Il régnait un doux parfum d'été au mois de juin. La Belgique ouvrait de plus en plus les vannes du déconfinement, on commençait à revoir nos proches ou à retourner au restaurant, pendant que les chiffres de l'épidémie ne cessaient de baisser. Sauf que le mois de juillet est passé par là, avec des tendances qui sont à la hausse, et nos espoirs de retrouver nos libertés ont vite été calmés.

"Cette fois, il est temps d'être plus réaliste", dit Geert Molenberghs dans Het Laatste Nieuws. "A moins d'aller au bout des choses et de fermer les frontières."

En clair, et même si ce n'est pas très gai à entendre, nous sommes encore loin d'en avoir fini avec ce Covid-19, selon le chercheur de la KUL. Mieux vaut donc ne pas faire de projets. "Je ne vais pas me faire des amis dans le secteur du tourisme en disant cela. Je suis quelqu'un qui aime voyager, en général plusieurs fois par an, mais je n'ai plus rien prévu. Ce sera au jour le jour", prévient-il.

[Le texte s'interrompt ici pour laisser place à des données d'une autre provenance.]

lemma tree_Delta_weight:
  assumes u: "u \<in> tree_vertices d h"
  shows "(\<Sum>v\<in>tree_vertices d h. tree_Delta d h u v * tree_weight d h v)
           = (if u = [] then int d * (int d - 1) ^ h else 0)"
proof -
  define q where "q = int d - 1"
  note row = tree_Delta_sum[OF u, of "tree_weight d h"]
  have u_le: "length u \<le> h" using u by (rule length_le_if_in_tree_vertices)
  consider "u = []" | "u \<noteq> []" "length u < h" | "u \<noteq> []" "length u = h"
    using u_le by linarith
  then show ?thesis
  proof cases
    case 1
    then show ?thesis unfolding row
      by (cases h) (simp_all add: tree_weight_def num_children_def geom_sum_Suc algebra_simps)
  next
    case 2
    then obtain k where k: "h - length u = Suc k" by (metis Suc_diff_Suc)
    have "int (d - 1) = q" "int d = q + 1" using d_pos_if_nonroot[OF u 2(1)] by (simp_all add: q_def)
    moreover have "h - length (butlast u) = Suc (Suc k)" "h - Suc (length u) = k"
      using k \<open>u \<noteq> []\<close> by (cases u; auto)+
    ultimately show ?thesis unfolding row
      using 2 k by (simp add: tree_weight_def num_children_def geom_sum_Suc_left algebra_simps)
  next
    case 3
    then have "h - length (butlast u) = Suc 0" by (cases u rule: rev_cases) auto
    then show ?thesis unfolding row
      using 3 by (simp add: tree_weight_def num_children_def geom_sum_Suc_left)
  qed
qed

definition edge_relation :: "nat \<Rightarrow> nat \<Rightarrow> nat list \<Rightarrow> nat list \<Rightarrow> int" where
  "edge_relation d h v x =
     tree_weight d h (butlast v) * unit_vec v x - tree_weight d h v * unit_vec (butlast v) x"

lemma weighted_row_plus_child_edges:
  assumes u: "u \<in> tree_vertices d h"
  shows "tree_weight d h u * tree_Delta d h u x
           + (\<Sum>i<num_children d h u. edge_relation d h (u @ [i]) x)
         = (if u = [] then int d * (int d - 1) ^ h * unit_vec [] x else edge_relation d h u x)"
proof -
  let ?w = "tree_weight d h" and ?n = "num_children d h u"
  have children: "(\<Sum>i<?n. ?w (u @ [i])) = int d * ?w u - (if u \<noteq> [] then ?w (butlast u) else 0)
      - (if u = [] then int d * (int d - 1) ^ h else 0)"
    using tree_Delta_weight[OF u] tree_Delta_sum[OF u] by simp
  have "(\<Sum>i<?n. edge_relation d h (u @ [i]) x)
      = ?w u * (\<Sum>i<?n. unit_vec (u @ [i]) x) - (\<Sum>i<?n. ?w (u @ [i])) * unit_vec u x"
    by (simp add: edge_relation_def sum_subtractf sum_distrib_left sum_distrib_right mult.commute)
  then show ?thesis
    unfolding tree_Delta_eq[OF u] children
    by (cases "u = []") (simp_all add: edge_relation_def algebra_simps)
qed

lemma weighted_row_plus_child_edges_in_tree_lattice:
  assumes u: "u \<in> tree_vertices d h"
    and edges: "\<And>i. i < num_children d h u \<Longrightarrow> edge_relation d h (u @ [i]) \<in> tree_lattice d h"
  shows "(\<lambda>x. if u = [] then int d * (int d - 1) ^ h * unit_vec [] x else edge_relation d h u x)
           \<in> tree_lattice d h"
proof -
  have "(\<lambda>x. tree_weight d h u * tree_Delta d h u x
           + (\<Sum>i<num_children d h u. edge_relation d h (u @ [i]) x)) \<in> tree_lattice d h"
    using edges u finite_tree_vertices unfolding tree_lattice_eq_row_span
    by (intro row_span_add row_span_smult row_span_row row_span_sum) auto
  then show ?thesis by (simp only: weighted_row_plus_child_edges[OF u])
qed

lemma edge_relation_in_tree_lattice:
  "v \<in> tree_vertices d h \<Longrightarrow> v \<noteq> [] \<Longrightarrow> edge_relation d h v \<in> tree_lattice d h"
proof (induction "h - length v" arbitrary: v rule: less_induct)
  case less
  have "edge_relation d h (v @ [i]) \<in> tree_lattice d h" if "i < num_children d h v" for i
  proof (rule less.hyps)
    show "v @ [i] \<in> tree_vertices d h" using less.prems that snoc_in_tree_vertices_iff by blast
    then show "h - length (v @ [i]) < h - length v"
      using length_le_if_in_tree_vertices by fastforce
  qed simp
  then show ?case
    using weighted_row_plus_child_edges_in_tree_lattice[OF less.prems(1)] less.prems(2) by simp
qed

lemma root_relation_in_tree_lattice:
  "(\<lambda>x. int d * (int d - 1) ^ h * unit_vec [] x) \<in> tree_lattice d h"
  using weighted_row_plus_child_edges_in_tree_lattice[of "[]"]
    edge_relation_in_tree_lattice snoc_in_tree_vertices_iff[of "[]"]
  by simp

lemma unit_vec_congruent_root:
  "v \<in> tree_vertices d h \<Longrightarrow> \<exists>m t. m > 0 \<and> coprime m (int d - 1) \<and>
     (\<lambda>x. m * unit_vec v x - t * unit_vec [] x) \<in> tree_lattice d h"
proof (induction v rule: rev_induct)
  case Nil
  show ?case
    using row_span_zero by (intro exI[of _ 1] exI[of _ 1]) (simp add: tree_lattice_eq_row_span)
next
  case (snoc i u)
  let ?w = "tree_weight d h"
  obtain m t where m: "m > 0" "coprime m (int d - 1)"
    "(\<lambda>x. m * unit_vec u x - t * unit_vec [] x) \<in> tree_lattice d h"
    using snoc butlast_in_tree_vertices by fastforce
  have "(\<lambda>x. m * edge_relation d h (u @ [i]) x + ?w (u @ [i]) * (m * unit_vec u x - t * unit_vec [] x))
          \<in> tree_lattice d h"
    using m(3) edge_relation_in_tree_lattice[OF snoc.prems] unfolding tree_lattice_eq_row_span
    by (intro row_span_add row_span_smult) auto
  also have "(\<lambda>x. m * edge_relation d h (u @ [i]) x + ?w (u @ [i]) * (m * unit_vec u x - t * unit_vec [] x))
      = (\<lambda>x. (m * ?w u) * unit_vec (u @ [i]) x - (?w (u @ [i]) * t) * unit_vec [] x)"
    by (simp add: fun_eq_iff edge_relation_def algebra_simps)
  finally show ?case
    using m d_pos_if_nonroot[OF snoc.prems]
    by (intro exI[of _ "m * ?w u"] exI[of _ "?w (u @ [i]) * t"])
       (simp add: tree_weight_def geom_sum_pos coprime_geom_sum)
qed

lemma unit_vec_torsion:
  assumes "2 \<le> d" "v \<in> tree_vertices d h"
  shows "\<exists>l>0. (\<lambda>x. l * unit_vec v x) \<in> tree_lattice d h"
proof -
  define r where "r = int d * (int d - 1) ^ h"
  obtain m t where m: "m > 0" "(\<lambda>x. m * unit_vec v x - t * unit_vec [] x) \<in> tree_lattice d h"
    using unit_vec_congruent_root[OF assms(2)] by blast
  have "(\<lambda>x. r * unit_vec [] x) \<in> tree_lattice d h"
    using root_relation_in_tree_lattice unfolding r_def .
  then have "(\<lambda>x. r * (m * unit_vec v x - t * unit_vec [] x) + t * (r * unit_vec [] x)) \<in> tree_lattice d h"
    using m(2) unfolding tree_lattice_eq_row_span
    by (intro row_span_add[OF row_span_smult row_span_smult])
  moreover have "r * m > 0" using assms(1) m(1) by (simp add: r_def)
  ultimately show ?thesis by (intro exI[of _ "r * m"]) (simp add: algebra_simps)
qed

section \<open>The sandpile group\<close>

lemma comm_group_sandpile_group: "comm_group (sandpile_group d h)"
  unfolding sandpile_group_def
  by (rule comm_group.abelian_FactGroup[OF ZV_comm_group subgroup_tree_lattice])

lemma finite_sandpile_group: "2 \<le> d \<Longrightarrow> finite (carrier (sandpile_group d h))"
  using finite_ZV_quotient_row_span[OF finite_tree_vertices tree_Delta_eq_0] unit_vec_torsion
  by (simp add: sandpile_group_def tree_lattice_eq_row_span)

"Et nous allons encore devoir vivre longtemps avec la fameuse "bulle sociale". Lorsque cette vague sera terminée, nous pourrons à nouveau déconfiner. Mais plus au niveau et de la même façon que ce qu'on a fait le 1er juillet. En juin et début juillet, tout le monde pensait, sauf quelques biostatisticiens: 'C'est fini, nous pouvons à nouveau retrouver une vie normale, à l'exception de quelques secteurs qui ne sont pas encore ouverts, mais qui le feront bien un jour.' Mais ce n'est pas le cas. Nous pourrons encore faire certaines choses, lorsque la courbe sera aplatie à un niveau plus bas que nous l'avions fait en juin. Nous pourrons peut-être organiser un match de football avec public l'année prochaine. Mais n'imaginez pas des stades remplis. Pas avant le vaccin."